lemma endpoint_stack:
  assumes "matching (dots N) d1" "matching (dots N) d2"
  shows "endpoint (erel up1 d1) (erel up2 d2) v \<longleftrightarrow> v \<in> outer ` dots N"
  using assms by (auto simp: endpoint_def Domain_erel image_up1 image_up2 image_outer)

lemma stack_conn_alt: "stack_conn d1 d2 = (erel up1 d1 \<union> erel up2 d2)\<^sup>*"
  by (simp add: stack_conn_def stack_edges_erel)

lemma concat_partner:
  assumes d1: "d1 \<in> brauer_diagrams N" and d2: "d2 \<in> brauer_diagrams N" and x: "x \<in> dots N"
  obtains y where "y \<noteq> x" "{z \<in> dots N. (outer x, outer z) \<in> stack_conn d1 d2} = {x, y}"
proof -
  have m1: "matching (dots N) d1" and m2: "matching (dots N) d2"
    using d1 d2 by (auto simp: brauer_diagrams_matching)
  let ?A = "erel up1 d1" and ?B = "erel up2 d2"
  have "endpoint ?A ?B (outer x)" using x endpoint_stack[OF m1 m2] by blast
  then obtain v where v: "v \<noteq> outer x"
    and ends: "{z. (outer x, z) \<in> (?A \<union> ?B)\<^sup>* \<and> endpoint ?A ?B z} = {outer x, v}"
    using alternating_path_endpoints[of ?A ?B] match_rel_erel[OF m1 inj_up1] match_rel_erel[OF m2 inj_up2]
      finite_erel[OF m1 finite_dots] finite_erel[OF m2 finite_dots] by blast
  then obtain y where y: "y \<in> dots N" "v = outer y" using endpoint_stack[OF m1 m2] by blast
  have "{z \<in> dots N. (outer x, outer z) \<in> stack_conn d1 d2} = {z \<in> dots N. outer z \<in> {outer x, v}}"
    using ends endpoint_stack[OF m1 m2] by (auto simp: stack_conn_alt)
  also have "\<dots> = {x, y}" using x y inj_outer by (auto dest: injD)
  finally show ?thesis using v y by (intro that) auto
qed

lemma stack_conn_sym:
  assumes "matching S d1" "matching S d2" "(a, b) \<in> stack_conn d1 d2"
  shows "(b, a) \<in> stack_conn d1 d2"
proof -
  have "sym (erel up1 d1 \<union> erel up2 d2)"
    using match_rel_erel[OF assms(1) inj_up1] match_rel_erel[OF assms(2) inj_up2]
    unfolding match_rel_def by (auto intro: sym_Un)
  then have "sym (stack_conn d1 d2)" unfolding stack_conn_alt by (rule sym_rtrancl)
  then show ?thesis using assms(3) unfolding sym_def by blast
qed

theorem concat_brauer:
  assumes d1: "d1 \<in> brauer_diagrams N" and d2: "d2 \<in> brauer_diagrams N"
  shows "concat N d1 d2 \<in> brauer_diagrams N"
  unfolding brauer_diagrams_matching mem_Collect_eq matching_def
proof (intro conjI ballI)
  fix e assume "e \<in> concat N d1 d2"
  then obtain x y where "e = {x, y}" "x \<in> dots N" "y \<in> dots N" "x \<noteq> y" unfolding concat_def by blast
  then show "card e = 2" "e \<subseteq> dots N" by auto
next
  fix z assume z: "z \<in> dots N"
  obtain y where y: "y \<noteq> z" and partners: "{z' \<in> dots N. (outer z, outer z') \<in> stack_conn d1 d2} = {z, y}"
    using concat_partner[OF d1 d2 z] .
  have conn_z: "(outer z, outer z') \<in> stack_conn d1 d2 \<longleftrightarrow> z' = z \<or> z' = y" if "z' \<in> dots N" for z'
    using partners that by blast
  have "y \<in> dots N" using partners by blast
  have sym_conn: "(outer a, outer z) \<in> stack_conn d1 d2 \<Longrightarrow> (outer z, outer a) \<in> stack_conn d1 d2" for a
    using stack_conn_sym d1 d2 by (auto simp: brauer_diagrams_matching)
  show "\<exists>!e. e \<in> concat N d1 d2 \<and> z \<in> e"
  proof (rule ex1I[of _ "{z, y}"])
    show "{z, y} \<in> concat N d1 d2 \<and> z \<in> {z, y}"
      using y z \<open>y \<in> dots N\<close> conn_z unfolding concat_def by blast
  next
    fix e assume "e \<in> concat N d1 d2 \<and> z \<in> e"
    then obtain a b where e: "e = {a, b}" "a \<in> dots N" "b \<in> dots N" "a \<noteq> b"
      "(outer a, outer b) \<in> stack_conn d1 d2" "z \<in> e" unfolding concat_def by blast
    show "e = {z, y}"
    proof (cases "z = a")
      case True
      then show ?thesis using e conn_z by auto
    next
      case False
      then have "z = b" using e by blast
      then show ?thesis using e conn_z[of a] sym_conn[of a] False by auto
    qed
  qed
qed

lemma rtrancl_map_closed:
  assumes "\<And>a b. (a, b) \<in> r \<Longrightarrow> (g a, g b) \<in> r" and "(a, b) \<in> r\<^sup>*"
  shows "(g a, g b) \<in> r\<^sup>*"
  using assms(2) by induction (auto intro: rtrancl_into_rtrancl assms(1))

—————

§ Work item: Your task is to copy all of the entries exactly.

§ Answer section:
lemma endpoint_stack:
  assumes "matching (dots N) d1" "matching (dots N) d2"
  shows "endpoint (erel up1 d1) (erel up2 d2) v \<longleftrightarrow> v \<in> outer ` dots N"
  using assms by (auto simp: endpoint_def Domain_erel image_up1 image_up2 image_outer)

lemma stack_conn_alt: "stack_conn d1 d2 = (erel up1 d1 \<union> erel up2 d2)\<^sup>*"
  by (simp add: stack_conn_def stack_edges_erel)

lemma concat_partner:
  assumes d1: "d1 \<in> brauer_diagrams N" and d2: "d2 \<in> brauer_diagrams N" and x: "x \<in> dots N"
  obtains y where "y \<noteq> x" "{z \<in> dots N. (outer x, outer z) \<in> stack_conn d1 d2} = {x, y}"
proof -
  have m1: "matching (dots N) d1" and m2: "matching (dots N) d2"
    using d1 d2 by (auto simp: brauer_diagrams_matching)
  let ?A = "erel up1 d1" and ?B = "erel up2 d2"
  have "endpoint ?A ?B (outer x)" using x endpoint_stack[OF m1 m2] by blast
  then obtain v where v: "v \<noteq> outer x"
    and ends: "{z. (outer x, z) \<in> (?A \<union> ?B)\<^sup>* \<and> endpoint ?A ?B z} = {outer x, v}"
    using alternating_path_endpoints[of ?A ?B] match_rel_erel[OF m1 inj_up1] match_rel_erel[OF m2 inj_up2]
      finite_erel[OF m1 finite_dots] finite_erel[OF m2 finite_dots] by blast
  then obtain y where y: "y \<in> dots N" "v = outer y" using endpoint_stack[OF m1 m2] by blast
  have "{z \<in> dots N. (outer x, outer z) \<in> stack_conn d1 d2} = {z \<in> dots N. outer z \<in> {outer x, v}}"
    using ends endpoint_stack[OF m1 m2] by (auto simp: stack_conn_alt)
  also have "\<dots> = {x, y}" using x y inj_outer by (auto dest: injD)
  finally show ?thesis using v y by (intro that) auto
qed

lemma stack_conn_sym:
  assumes "matching S d1" "matching S d2" "(a, b) \<in> stack_conn d1 d2"
  shows "(b, a) \<in> stack_conn d1 d2"
proof -
  have "sym (erel up1 d1 \<union> erel up2 d2)"
    using match_rel_erel[OF assms(1) inj_up1] match_rel_erel[OF assms(2) inj_up2]
    unfolding match_rel_def by (auto intro: sym_Un)
  then have "sym (stack_conn d1 d2)" unfolding stack_conn_alt by (rule sym_rtrancl)
  then show ?thesis using assms(3) unfolding sym_def by blast
qed

theorem concat_brauer:
  assumes d1: "d1 \<in> brauer_diagrams N" and d2: "d2 \<in> brauer_diagrams N"
  shows "concat N d1 d2 \<in> brauer_diagrams N"
  unfolding brauer_diagrams_matching mem_Collect_eq matching_def
proof (intro conjI ballI)
  fix e assume "e \<in> concat N d1 d2"
  then obtain x y where "e = {x, y}" "x \<in> dots N" "y \<in> dots N" "x \<noteq> y" unfolding concat_def by blast
  then show "card e = 2" "e \<subseteq> dots N" by auto
next
  fix z assume z: "z \<in> dots N"
  obtain y where y: "y \<noteq> z" and partners: "{z' \<in> dots N. (outer z, outer z') \<in> stack_conn d1 d2} = {z, y}"
    using concat_partner[OF d1 d2 z] .
  have conn_z: "(outer z, outer z') \<in> stack_conn d1 d2 \<longleftrightarrow> z' = z \<or> z' = y" if "z' \<in> dots N" for z'
    using partners that by blast
  have "y \<in> dots N" using partners by blast
  have sym_conn: "(outer a, outer z) \<in> stack_conn d1 d2 \<Longrightarrow> (outer z, outer a) \<in> stack_conn d1 d2" for a
    using stack_conn_sym d1 d2 by (auto simp: brauer_diagrams_matching)
  show "\<exists>!e. e \<in> concat N d1 d2 \<and> z \<in> e"
  proof (rule ex1I[of _ "{z, y}"])
    show "{z, y} \<in> concat N d1 d2 \<and> z \<in> {z, y}"
      using y z \<open>y \<in> dots N\<close> conn_z unfolding concat_def by blast
  next
    fix e assume "e \<in> concat N d1 d2 \<and> z \<in> e"
    then obtain a b where e: "e = {a, b}" "a \<in> dots N" "b \<in> dots N" "a \<noteq> b"
      "(outer a, outer b) \<in> stack_conn d1 d2" "z \<in> e" unfolding concat_def by blast
    show "e = {z, y}"
    proof (cases "z = a")
      case True
      then show ?thesis using e conn_z by auto
    next
      case False
      then have "z = b" using e by blast
      then show ?thesis using e conn_z[of a] sym_conn[of a] False by auto
    qed
  qed
qed

lemma rtrancl_map_closed:
  assumes "\<And>a b. (a, b) \<in> r \<Longrightarrow> (g a, g b) \<in> r" and "(a, b) \<in> r\<^sup>*"
  shows "(g a, g b) \<in> r\<^sup>*"
  using assms(2) by induction (auto intro: rtrancl_into_rtrancl assms(1))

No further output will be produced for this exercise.